Javeria Abbasi recently stirred conversations during an interview with Maya Khan, candidly addressing relationships within the Pakistani showbiz industry, with her remarks focused on the surge of marriages and subsequent divorces tied to the COVID-19 lockdown period. Her position was clear: too many of these unions were never really about love.
The conversation zeroed in on the superficial nature of showbiz friendships and the rising trend of fake relationships, specifically public marriages that quickly end in divorce for the sake of publicity. That pattern, Abbasi argued, corrodes the trust audiences place in the people they follow.

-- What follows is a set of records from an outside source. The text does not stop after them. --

(* Let $\mathcal{X} \subseteq \mathbb{R}^m$ be countable with ground metric $d$, and let $\widehat\nu = \sum_{j=1}^N \widehat\nu_j \delta_{\widehat x_j}$ be a probability mass function supported on $N$ distinct points $\widehat x_1,\dots,\widehat x_N \in \mathcal{X}$ with $\widehat\nu_j > 0$ and $\sum_j \widehat\nu_j = 1$. For $\varepsilon \ge 0$ let $\mathbb{B}_{\mathbb{W}}(\widehat\nu,\varepsilon) = \{\nu \in \mathcal{M}(\mathcal{X}) : \mathbb{W}(\nu,\widehat\nu) \le \varepsilon\}$. Then for any $\varepsilon \ge 0$ and $x \in \mathcal{X}$ there exists $\nu^\star_{\mathbb{W}} \in \mathbb{B}_{\mathbb{W}}(\widehat\nu,\varepsilon)$ with $$\sup_{\nu \in \mathbb{B}_{\mathbb{W}}(\widehat\nu,\varepsilon)} \nu(x) = \nu^\star_{\mathbb{W}}(x).$$ Furthermore, $\nu^\star_{\mathbb{W}}$ is supported on at most $N+1$ points and satisfies $\mathrm{supp}(\nu^\star_{\mathbb{W}}) \subseteq \mathrm{supp}(\widehat\nu) \cup \{x\}$.
   Context: $\mathcal{M}(\mathcal{X})$ is the set of probability mass functions supported on $\mathcal{X}$. The type-1 Wasserstein distance between $\nu_1,\nu_2 \in \mathcal{M}(\mathcal{X})$ is $\mathbb{W}(\nu_1,\nu_2) = \inf_{\lambda \in \Lambda(\nu_1,\nu_2)} \mathbb{E}_\lambda[d(x_1,x_2)]$, where $\Lambda(\nu_1,\nu_2)$ is the set of distributions on $\mathcal{X}\times\mathcal{X}$ with marginals $\nu_1$ and $\nu_2$, and $d$ is the ground metric on $\mathcal{X}$. *)

theory Defs
  imports "HOL-Analysis.Analysis" "HOL-Probability.Probability"
begin

definition metric_on :: "'a set \<Rightarrow> ('a \<Rightarrow> 'a \<Rightarrow> real) \<Rightarrow> bool" where
  "metric_on X d \<longleftrightarrow>
     (\<forall>x\<in>X. \<forall>y\<in>X. d x y \<ge> 0 \<and> (d x y = 0 \<longleftrightarrow> x = y) \<and> d x y = d y x) \<and>
     (\<forall>x\<in>X. \<forall>y\<in>X. \<forall>z\<in>X. d x z \<le> d x y + d y z)"

definition pmfs_on :: "'a set \<Rightarrow> 'a pmf set" where
  "pmfs_on X = {\<nu>. set_pmf \<nu> \<subseteq> X}"

definition couplings :: "'a pmf \<Rightarrow> 'a pmf \<Rightarrow> ('a \<times> 'a) pmf set" where
  "couplings \<nu>1 \<nu>2 = {\<gamma>. map_pmf fst \<gamma> = \<nu>1 \<and> map_pmf snd \<gamma> = \<nu>2}"

definition wasserstein :: "('a \<Rightarrow> 'a \<Rightarrow> real) \<Rightarrow> 'a pmf \<Rightarrow> 'a pmf \<Rightarrow> ennreal" where
  "wasserstein d \<nu>1 \<nu>2 =
     (INF \<gamma>\<in>couplings \<nu>1 \<nu>2. \<integral>\<^sup>+ p. ennreal (d (fst p) (snd p)) \<partial>measure_pmf \<gamma>)"

definition wball :: "'a set \<Rightarrow> ('a \<Rightarrow> 'a \<Rightarrow> real) \<Rightarrow> 'a pmf \<Rightarrow> real \<Rightarrow> 'a pmf set" where
  "wball X d \<nu>hat \<epsilon> = {\<nu> \<in> pmfs_on X. wasserstein d \<nu> \<nu>hat \<le> ennreal \<epsilon>}"

end

theory Submission
  imports Defs
begin

text \<open>
  For \<nu> in the ball and a coupling \<gamma> of \<nu> and \<nu>hat, the masses t y = \<gamma>(x, y) satisfy
  0 \<le> t y \<le> \<nu>hat(y) and \<Sum> t y d(x, y) \<le> cost(\<gamma>), and \<nu>(x) = \<Sum> t y. Conversely every such t
  is realised by moving the mass t y from each atom y of \<nu>hat to x. Hence the supremum is the
  value of a fractional knapsack problem over the finite set supp \<nu>hat, which is attained by
  compactness, and the distribution realising an optimal t is supported in supp \<nu>hat \<union> {x}.
  As we do not use that the Wasserstein infimum is attained, a coupling only gives feasibility
  for the budget \<epsilon> + \<delta>; shrinking such a point to budget \<epsilon> loses at most \<delta> \<Sum> 1 / d(x, y), the sum
  over the y \<noteq> x.
\<close>

definition knapsack_feasible :: "'a set \<Rightarrow> ('a \<Rightarrow> real) \<Rightarrow> ('a \<Rightarrow> real) \<Rightarrow> real \<Rightarrow> ('a \<Rightarrow> real) \<Rightarrow> bool" where
  "knapsack_feasible S w D e t \<longleftrightarrow> (\<forall>y\<in>S. 0 \<le> t y \<and> t y \<le> w y) \<and> (\<Sum>y\<in>S. t y * D y) \<le> e"

lemma knapsack_optimum_exists:
  fixes w D :: "'a \<Rightarrow> real"
  assumes "finite S" and "\<forall>y\<in>S. 0 \<le> w y" and "0 \<le> e"
  obtains t where "knapsack_feasible S w D e t"
    and "\<And>s. knapsack_feasible S w D e s \<Longrightarrow> (\<Sum>y\<in>S. s y) \<le> (\<Sum>y\<in>S. t y)"
proof -
  let ?T = "product_topology (\<lambda>_. euclideanreal) S"
  define F where "F = {t \<in> topspace ?T. (\<Sum>y\<in>S. t y * D y) \<in> {..e}} \<inter> (\<Pi>\<^sub>E y\<in>S. {0..w y})"
  have "closedin ?T {t \<in> topspace ?T. (\<Sum>y\<in>S. t y * D y) \<in> {..e}}"
    by (intro closedin_continuous_map_preimage[where Y = euclideanreal] continuous_intros) (auto simp: assms(1))
  moreover have "compactin ?T (\<Pi>\<^sub>E y\<in>S. {0..w y})"
    by (simp add: compactin_PiE)
  ultimately have "compactin ?T F"
    unfolding F_def by (rule closed_Int_compactin)
  moreover have "continuous_map ?T euclideanreal (\<lambda>t. \<Sum>y\<in>S. t y)"
    by (intro continuous_intros) (auto simp: assms(1))
  ultimately have "compact ((\<lambda>t. \<Sum>y\<in>S. t y) ` F)"
    using image_compactin compactin_euclidean_iff by blast
  moreover have "restrict (\<lambda>_. 0) S \<in> F"
    using assms(2,3) by (auto simp: F_def)
  ultimately obtain t where t: "t \<in> F" and max: "\<And>s. s \<in> F \<Longrightarrow> (\<Sum>y\<in>S. s y) \<le> (\<Sum>y\<in>S. t y)"
    using compact_attains_sup[of "(\<lambda>t. \<Sum>y\<in>S. t y) ` F"] by blast
  show thesis
  proof
    show "knapsack_feasible S w D e t"
      using t by (auto simp: F_def knapsack_feasible_def)
  next
    fix s assume "knapsack_feasible S w D e s"
    then have "restrict s S \<in> F"
      by (auto simp: F_def knapsack_feasible_def)
    then show "(\<Sum>y\<in>S. s y) \<le> (\<Sum>y\<in>S. t y)"
      using max[of "restrict s S"] by simp
  qed
qed

lemma knapsack_budget_relaxation:
  fixes w D t :: "'a \<Rightarrow> real"
  assumes "finite S" and "\<forall>y\<in>S. 0 \<le> D y" and "0 \<le> e" and "0 < \<delta>"
    and "knapsack_feasible S w D (e + \<delta>) t"
  obtains s where "knapsack_feasible S w D e s"
    and "(\<Sum>y\<in>S. t y) \<le> (\<Sum>y\<in>S. s y) + \<delta> * (\<Sum>y\<in>S. inverse (D y))"
  \<comment> \<open>inverse 0 = 0: the points with D y = 0 are not shrunk and add nothing to the bound\<close>
proof -
  define \<theta> where "\<theta> = e / (e + \<delta>)"
  have \<theta>: "0 \<le> \<theta>" "\<theta> \<le> 1" "\<theta> * (e + \<delta>) = e" "(1 - \<theta>) * (e + \<delta>) = \<delta>"
    unfolding \<theta>_def using assms(3,4) by (auto simp: field_simps)
  define s where "s y = (if D y = 0 then t y else \<theta> * t y)" for y
  have t: "\<forall>y\<in>S. 0 \<le> t y \<and> t y \<le> w y" and cost: "(\<Sum>y\<in>S. t y * D y) \<le> e + \<delta>"
    using assms(5) by (auto simp: knapsack_feasible_def)
  show thesis
  proof
    have "(\<Sum>y\<in>S. s y * D y) = \<theta> * (\<Sum>y\<in>S. t y * D y)"
      unfolding sum_distrib_left by (intro sum.cong) (auto simp: s_def)
    also have "\<dots> \<le> e"
      using mult_left_mono[OF cost \<open>0 \<le> \<theta>\<close>] \<theta>(3) by simp
    finally show "knapsack_feasible S w D e s"
      using t \<theta>(1,2) by (auto simp: knapsack_feasible_def s_def intro: order_trans[OF mult_left_le_one_le])
  next
    have "t y - s y \<le> \<delta> * inverse (D y)" if y: "y \<in> S" for y
    proof (cases "D y = 0")
      case False
      then have "0 < D y" using assms(2) y by force
      have "t y * D y \<le> (\<Sum>y\<in>S. t y * D y)"
        using y t assms(1,2) by (intro member_le_sum) auto
      then have "(1 - \<theta>) * (t y * D y) \<le> \<delta>"
        using mult_left_mono[of "t y * D y" "e + \<delta>" "1 - \<theta>"] cost \<theta>(2,4) by simp
      then show ?thesis
        using False \<open>0 < D y\<close> by (simp add: s_def field_simps)
    qed (simp add: s_def)
    then have "(\<Sum>y\<in>S. t y - s y) \<le> \<delta> * (\<Sum>y\<in>S. inverse (D y))"
      by (simp add: sum_distrib_left sum_mono)
    then show "(\<Sum>y\<in>S. t y) \<le> (\<Sum>y\<in>S. s y) + \<delta> * (\<Sum>y\<in>S. inverse (D y))"
      by (simp add: sum_subtractf)
  qed
qed
lemma (in group) right_regular_subset_cay_aut:
  assumes "S \<subseteq> carrier G"
  shows "right_regular G \<subseteq> cay_aut G S"
proof
  fix \<sigma> assume "\<sigma> \<in> right_regular G"
  then obtain g where g: "g \<in> carrier G" and \<sigma>: "\<sigma> = restrict (\<lambda>u. u \<otimes> g) (carrier G)"
    by (auto simp: right_regular_def)
  have "bij_betw \<sigma> (carrier G) (carrier G)"
  proof (rule bij_betwI')
    show "\<And>u v. u \<in> carrier G \<Longrightarrow> v \<in> carrier G \<Longrightarrow> \<sigma> u = \<sigma> v \<longleftrightarrow> u = v"
      using g by (simp add: \<sigma>)
    show "\<And>u. u \<in> carrier G \<Longrightarrow> \<sigma> u \<in> carrier G" using g by (simp add: \<sigma>)
    show "\<exists>u\<in>carrier G. v = \<sigma> u" if "v \<in> carrier G" for v
      using that g by (intro bexI[of _ "v \<otimes> inv g"]) (simp_all add: \<sigma> m_assoc)
  qed
  moreover have "cay_arc G S u v \<longleftrightarrow> cay_arc G S (\<sigma> u) (\<sigma> v)"
    if "u \<in> carrier G" "v \<in> carrier G" for u v
  proof -
    have "(v \<otimes> g) \<otimes> inv (u \<otimes> g) = v \<otimes> inv u"
      using that g by (simp add: inv_mult_group m_assoc flip: m_assoc[of g "inv g"])
    then show ?thesis using that g by (simp add: \<sigma> cay_arc_def)
  qed
  ultimately show "\<sigma> \<in> cay_aut G S" by (simp add: cay_aut_def \<sigma>)
qed

lemma (in group) proper_cayI:
  assumes "S \<subseteq> carrier G" and "\<And>s. s \<in> S \<Longrightarrow> inv s \<notin> S"
  shows "proper_cay G S"
  unfolding proper_cay_def
proof (intro allI impI notI)
  fix u v
  assume "cay_arc G S u v" and "cay_arc G S v u"
  then have u: "u \<in> carrier G" and v: "v \<in> carrier G"
    and "v \<otimes> inv u \<in> S" and "inv (v \<otimes> inv u) \<in> S"
    by (auto simp: cay_arc_def inv_mult_group)
  with assms(2) show False by blast
qed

Abbasi is a Pakistani actress, model, and television host known for her extensive work in Urdu-language drama, having gained early prominence through her performances in popular Hum TV serials such as Dil, Diya, and Dehleez, establishing herself as a versatile presence in family-oriented and romantic productions. Her television credits also include notable series like Wafa, Ghissi Pitti Mohabbat, Shehnai, and more recent works including Nikah, Mulazma, and Saari Raatein, where she has portrayed complex characters addressing social issues. Few figures in Pakistani television carry more credibility on this subject. She has watched these patterns play out for decades.
Abbasi observed the phenomenon of numerous showbiz personalities tying the knot during the pandemic, only for a string of divorces to follow shortly after. Marriages like that of Samina Ahmed and Manzar Sehbai stood the test of time, while others, such as Aagha Ali and Hina Altaf's union, ended in separation, reinforcing her perspective that many relationships are primarily performative.
According to Abbasi, the industry is dying due to this creative and ethical stagnation. Her prescription for recovery was blunt. "Producers should hire new directors," she said, calling for fresh perspectives to breathe life back into television.
Abbasi also addressed the loneliness people endure when stuck in the wrong relationship, firmly rejecting the societal narrative that "marriage is the ultimate solution to everything," calling it entirely untrue. That view carries personal weight. She was previously married to actor Shamoon Abbasi, divorcing in 2009 and raising their daughter as a single parent before eventually marrying businessman Adil Haider in a private ceremony in 2024, nearly 15 years after her divorce.
Closing the interview with confidence, Abbasi stated, "No matter what anyone says, it doesn't affect me." That kind of settled self-assurance tends to land differently when it comes from someone who actually went through it.
With Saari Raatein among her most recent screen commitments, Abbasi remains active and, apparently, unwilling to soften her assessments of the industry that made her name.